lemma uncountable_irr_part_near_point:
  fixes F :: "real \<Rightarrow> real" and Q :: "real set"
  assumes F: "circle_homeo_lift F" and M: "minimal_set F Q" and x0: "x0 \<in> irr_part Q"
    and \<delta>: "\<delta> > 0" and C: "C > 0"
    and gaps: "\<forall>a b. {a<..<b} \<in> components (- Q) \<and> {a<..<b} \<subseteq> {x0 - \<delta> .. x0 + \<delta>} \<longrightarrow>
           b - a \<le> C * \<bar>x0 - (a + b) / 2\<bar>\<^sup>2"
    and \<eta>: "0 < \<eta>" "\<eta> \<le> 1"
  obtains s0 where "s0 > 0"
    and "\<And>s c. 0 < s \<Longrightarrow> s < s0 \<Longrightarrow> \<bar>c - x0\<bar> \<le> s \<Longrightarrow>
           uncountable ({c - \<eta> * s<..<c + \<eta> * s} \<inter> irr_part Q)"
proof -
  have Qc: "closed Q" and Qp: "periodic_set Q"
    using M by (auto simp: minimal_set_def)
  have "x0 \<in> Q"
    using x0 by (simp add: irr_part_def)
  then obtain s0 where "s0 > 0" and meets:
    "\<And>a b D. D < s0 \<Longrightarrow> x0 - D \<le> a \<Longrightarrow> a < b \<Longrightarrow> b \<le> x0 + D \<Longrightarrow> \<eta> * D \<le> b - a \<Longrightarrow>
       {a<..<b} \<inter> Q \<noteq> {}"
    using proportional_intervals_meet[OF Qc _ _ _ \<delta> C gaps \<eta>(1)]
      irr_part_approx_right[OF Qc Qp x0] irr_part_approx_left[OF Qc Qp x0] by metis
  show thesis
  proof (rule that)
    show "s0 / 2 > 0"
      using \<open>s0 > 0\<close> by simp
  next
    fix s c assume s: "0 < s" "s < s0 / 2" "\<bar>c - x0\<bar> \<le> s"
    have "0 < \<eta> * s" "\<eta> * s \<le> s"
      using s(1) \<eta> by simp_all
    have "{c - \<eta> * s<..<c + \<eta> * s} \<inter> Q \<noteq> {}"
    proof (rule meets[of "2 * s"])
      show "2 * s < s0"
        using s(2) by simp
      show "x0 - 2 * s \<le> c - \<eta> * s" "c + \<eta> * s \<le> x0 + 2 * s"
        using s(3) \<open>\<eta> * s \<le> s\<close> unfolding abs_le_iff by linarith+
      show "c - \<eta> * s < c + \<eta> * s" "\<eta> * (2 * s) \<le> c + \<eta> * s - (c - \<eta> * s)"
        using \<open>0 < \<eta> * s\<close> by simp_all
    qed
    then show "uncountable ({c - \<eta> * s<..<c + \<eta> * s} \<inter> irr_part Q)"
      using uncountable_irr_part[OF Qc] minimal_set_perfect[OF F M x0] by blast
  qed
qed

section \<open>Planar geometry: a neighbourhood of a point on the bisecting ray lies in the sector\<close>

lemma polar_form_right_half_plane:
  fixes u v :: real
  assumes "0 < u"
  obtains \<phi> where "\<bar>\<phi>\<bar> \<le> \<bar>v\<bar> / u"
    and "sqrt (u\<^sup>2 + v\<^sup>2) * cos \<phi> = u" and "sqrt (u\<^sup>2 + v\<^sup>2) * sin \<phi> = v"
proof
  define w where "w = v / u"
  have "u\<^sup>2 + v\<^sup>2 = u\<^sup>2 * (1 + w\<^sup>2)"
    using assms by (simp add: w_def field_simps)
  then have norm: "sqrt (u\<^sup>2 + v\<^sup>2) = u * sqrt (1 + w\<^sup>2)"
    using assms by (simp add: real_sqrt_mult)
  have "sqrt (1 + w\<^sup>2) > 0"
    by (simp add: add_pos_nonneg)
  then show "sqrt (u\<^sup>2 + v\<^sup>2) * cos (arctan w) = u" "sqrt (u\<^sup>2 + v\<^sup>2) * sin (arctan w) = v"
    using assms by (simp_all add: norm cos_arctan sin_arctan w_def)
  show "\<bar>arctan w\<bar> \<le> \<bar>v\<bar> / u"
    using abs_arctan_le[of w] assms by (simp add: w_def abs_divide)
qed

lemma near_bisector_in_sector:
  fixes x y x0 y0 r t0 \<theta> s \<eta> :: real
  assumes s: "0 < s" "2 * s < r" and \<theta>: "0 < \<theta>" and \<eta>: "\<eta> \<le> 1 / 8" "\<eta> \<le> \<theta> / 16"
    and hx: "\<bar>x - (x0 + s * cos (t0 + \<theta> / 2))\<bar> < \<eta> * s"
    and hy: "\<bar>y - (y0 + s * sin (t0 + \<theta> / 2))\<bar> < \<eta> * s"
  shows "(x, y) \<in> sector (x0, y0) r t0 \<theta>"
proof -
  define tm where "tm = t0 + \<theta> / 2"
  define cm sm where "cm = cos tm" and "sm = sin tm"
  define a b where "a = x - x0 - s * cm" and "b = y - y0 - s * sm"
  \<comment> \<open>coordinates of (x - x0, y - y0) along the bisector and orthogonal to it\<close>
  define u v where "u = s + a * cm + b * sm" and "v = b * cm - a * sm"
  have cs: "sm\<^sup>2 + cm\<^sup>2 = 1"
    by (simp add: cm_def sm_def)
  have "u * cm - v * sm = s * cm + a * (sm\<^sup>2 + cm\<^sup>2)" "u * sm + v * cm = s * sm + b * (sm\<^sup>2 + cm\<^sup>2)"
    by (simp_all add: u_def v_def power2_eq_square algebra_simps)
  then have x: "x - x0 = u * cm - v * sm" and y: "y - y0 = u * sm + v * cm"
    using cs by (simp_all add: a_def b_def)
  have ab: "\<bar>a\<bar> < \<eta> * s" "\<bar>b\<bar> < \<eta> * s"
    using hx hy by (simp_all add: a_def b_def cm_def sm_def tm_def algebra_simps)
  have "\<bar>a * cm\<bar> \<le> \<bar>a\<bar>" "\<bar>b * sm\<bar> \<le> \<bar>b\<bar>" "\<bar>b * cm\<bar> \<le> \<bar>b\<bar>" "\<bar>a * sm\<bar> \<le> \<bar>a\<bar>"
    unfolding abs_mult cm_def sm_def by (auto intro: mult_right_le_one_le)
  moreover have "\<eta> * s \<le> s / 8" "\<eta> * s \<le> \<theta> * s / 16"
    using \<eta> s by (auto intro: mult_right_mono)
  ultimately have u: "3 / 4 * s < u" "u < 5 / 4 * s" and v: "\<bar>v\<bar> < s / 4" "\<bar>v\<bar> < \<theta> * s / 8"
    using ab unfolding u_def v_def by linarith+
  have "0 < u"
    using u s by linarith
  then obtain \<phi> where \<phi>: "\<bar>\<phi>\<bar> \<le> \<bar>v\<bar> / u"
    and polar: "sqrt (u\<^sup>2 + v\<^sup>2) * cos \<phi> = u" "sqrt (u\<^sup>2 + v\<^sup>2) * sin \<phi> = v"
    by (rule polar_form_right_half_plane)
  define \<rho> where "\<rho> = sqrt (u\<^sup>2 + v\<^sup>2)"
  have "\<theta> / 2 * (3 / 4 * s) < \<theta> / 2 * u" "0 < \<theta> * s"
    using u \<theta> s by simp_all
  then have "\<bar>v\<bar> < \<theta> / 2 * u"
    using v by linarith
  then have "\<bar>v\<bar> / u < \<theta> / 2"
    using \<open>0 < u\<close> by (simp add: pos_divide_less_eq)
  then have "\<bar>\<phi>\<bar> < \<theta> / 2"
    using \<phi> by linarith
  moreover have "0 < \<rho>"
    using \<open>0 < u\<close> by (simp add: \<rho>_def add_pos_nonneg)
  moreover have "\<rho> \<le> u + \<bar>v\<bar>"
    using sqrt_sum_squares_le_sum_abs[of u v] \<open>0 < u\<close> by (simp add: \<rho>_def)
  then have "\<rho> < r"
    using u v s by linarith
  moreover have "\<rho> * cos (tm + \<phi>) = cm * (\<rho> * cos \<phi>) - sm * (\<rho> * sin \<phi>)"
    "\<rho> * sin (tm + \<phi>) = sm * (\<rho> * cos \<phi>) + cm * (\<rho> * sin \<phi>)"
    by (simp_all add: cos_add sin_add cm_def sm_def algebra_simps)
  then have "x = x0 + \<rho> * cos (tm + \<phi>)" "y = y0 + \<rho> * sin (tm + \<phi>)"
    using x y polar unfolding \<rho>_def by (simp_all add: algebra_simps)
  moreover have "t0 < tm + \<phi>" "tm + \<phi> < t0 + \<theta>"
    using \<open>\<bar>\<phi>\<bar> < \<theta> / 2\<close> by (auto simp: tm_def)
  ultimately show ?thesis
    unfolding sector_def by force
qed

lemma countable_orbit2: "countable (orbit2 F G z)"
proof (rule countable_subset)
  show "orbit2 F G z \<subseteq>
      (\<lambda>(n, k, m). (iter_int F n (fst z) + of_int k, iter_int G n (snd z) + of_int m)) ` UNIV"
  proof
    fix p assume "p \<in> orbit2 F G z"
    then obtain n k m where "p = (iter_int F n (fst z) + of_int k, iter_int G n (snd z) + of_int m)"
      unfolding orbit2_def by blast
    then show "p \<in> (\<lambda>(n, k, m). (iter_int F n (fst z) + of_int k, iter_int G n (snd z) + of_int m)) ` UNIV"
      by (intro image_eqI[of _ _ "(n, k, m)"]) auto
  qed
qed simp

lemma uncountable_avoids_countable:
  assumes "uncountable X" "countable S"
  obtains x where "x \<in> X" "(x, y) \<notin> S"
proof -
  have "\<not> X \<subseteq> fst ` S"
    using assms countable_subset by blast
  then show thesis
    using that by force
qed
lemma shift_in_splittings:
  assumes "(x, y) \<in> splittings p q" "0 < p" "0 < q" "al x \<noteq> 0" "m x (y - x) \<noteq> 0"
  shows "(x, y - x) \<in> splittings (p + q) q"
proof -
  have "real (p + q) * al x + real q * al (y - x) = 0"
    using splittings_al[OF assms(1)] by (simp add: al.diff algebra_simps)
  then have "x \<in> E \<and> y - x \<in> E"
    using in_E_if_meeting_nonzero[OF al.additive_axioms, of "p + q" q x "y - x"] assms by simp
  then show ?thesis
    using assms(1) unfolding splittings_def by (auto simp: scaleN_add_left scaleN_diff_right)
qed

lemma weighted_sum_shift:
  assumes "0 < p" "0 < q"
  shows "weighted_sum p q (\<lambda>x y. m x (y - x)) = weighted_sum (p + q) q m"
proof -
  define shift where "shift = (\<lambda>(x :: 'h, y). (x, y + x))"
  define g where "g = (\<lambda>(x, y). al x * al y / (real p * real q) * m x (y - x))"
  have "shift ` splittings (p + q) q \<subseteq> splittings p q"
    unfolding shift_def splittings_def
    by (auto simp: E_add scaleN_add_left scaleN_add_right algebra_simps)
  moreover have "g z = 0" if "z \<in> splittings p q - shift ` splittings (p + q) q" for z
  proof (rule ccontr)
    obtain x y where z: "z = (x, y)" by force
    assume "g z \<noteq> 0"
    then have "(x, y - x) \<in> splittings (p + q) q"
      using that shift_in_splittings assms unfolding g_def z by auto
    then have "z \<in> shift ` splittings (p + q) q"
      unfolding shift_def z by force
    with that show False by simp
  qed
  ultimately have "weighted_sum p q (\<lambda>x y. m x (y - x)) = sum g (shift ` splittings (p + q) q)"
    unfolding weighted_sum_def g_def
    by (intro sum.mono_neutral_right finite_splittings assms) auto
  also have "\<dots> = sum (g \<circ> shift) (splittings (p + q) q)"
    by (rule sum.reindex) (auto simp: shift_def inj_on_def)
  also have "\<dots> = weighted_sum (p + q) q m"
    unfolding weighted_sum_def
  proof (rule sum.cong[OF refl], clarify)
    fix x y assume "(x, y) \<in> splittings (p + q) q"
    then have rel: "(real p + real q) * al x + real q * al y = 0"
      using splittings_al by fastforce
    have "al x * (al y + al x) * ((real p + real q) * real q) - al x * al y * (real p * real q)
        = al x * real q * ((real p + real q) * al x + real q * al y)"
      by (simp add: algebra_simps)
    then have "al x * al (y + x) * (real (p + q) * real q) = al x * al y * (real p * real q)"
      unfolding rel by (simp add: al.add)
    then have weight:
      "al x * al (y + x) / (real p * real q) = al x * al y / (real (p + q) * real q)"
      using assms by (simp add: frac_eq_eq)
    have "(g \<circ> shift) (x, y) = al x * al (y + x) / (real p * real q) * m x y"
      unfolding g_def shift_def by simp
    then show "(g \<circ> shift) (x, y) = al x * al y / (real (p + q) * real q) * m x y"
      unfolding weight .
  qed
  finally show ?thesis .
qed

· · · ·

▸ Your assignment
From the listing above, pick out each line where the word "ultimately" appears.

▸ Solution to this problem
  ultimately have u: "3 / 4 * s < u" "u < 5 / 4 * s" and v: "\<bar>v\<bar> < s / 4" "\<bar>v\<bar> < \<theta> * s / 8"
  ultimately show ?thesis
  ultimately have "weighted_sum p q (\<lambda>x y. m x (y - x)) = sum g (shift ` splittings (p + q) q)"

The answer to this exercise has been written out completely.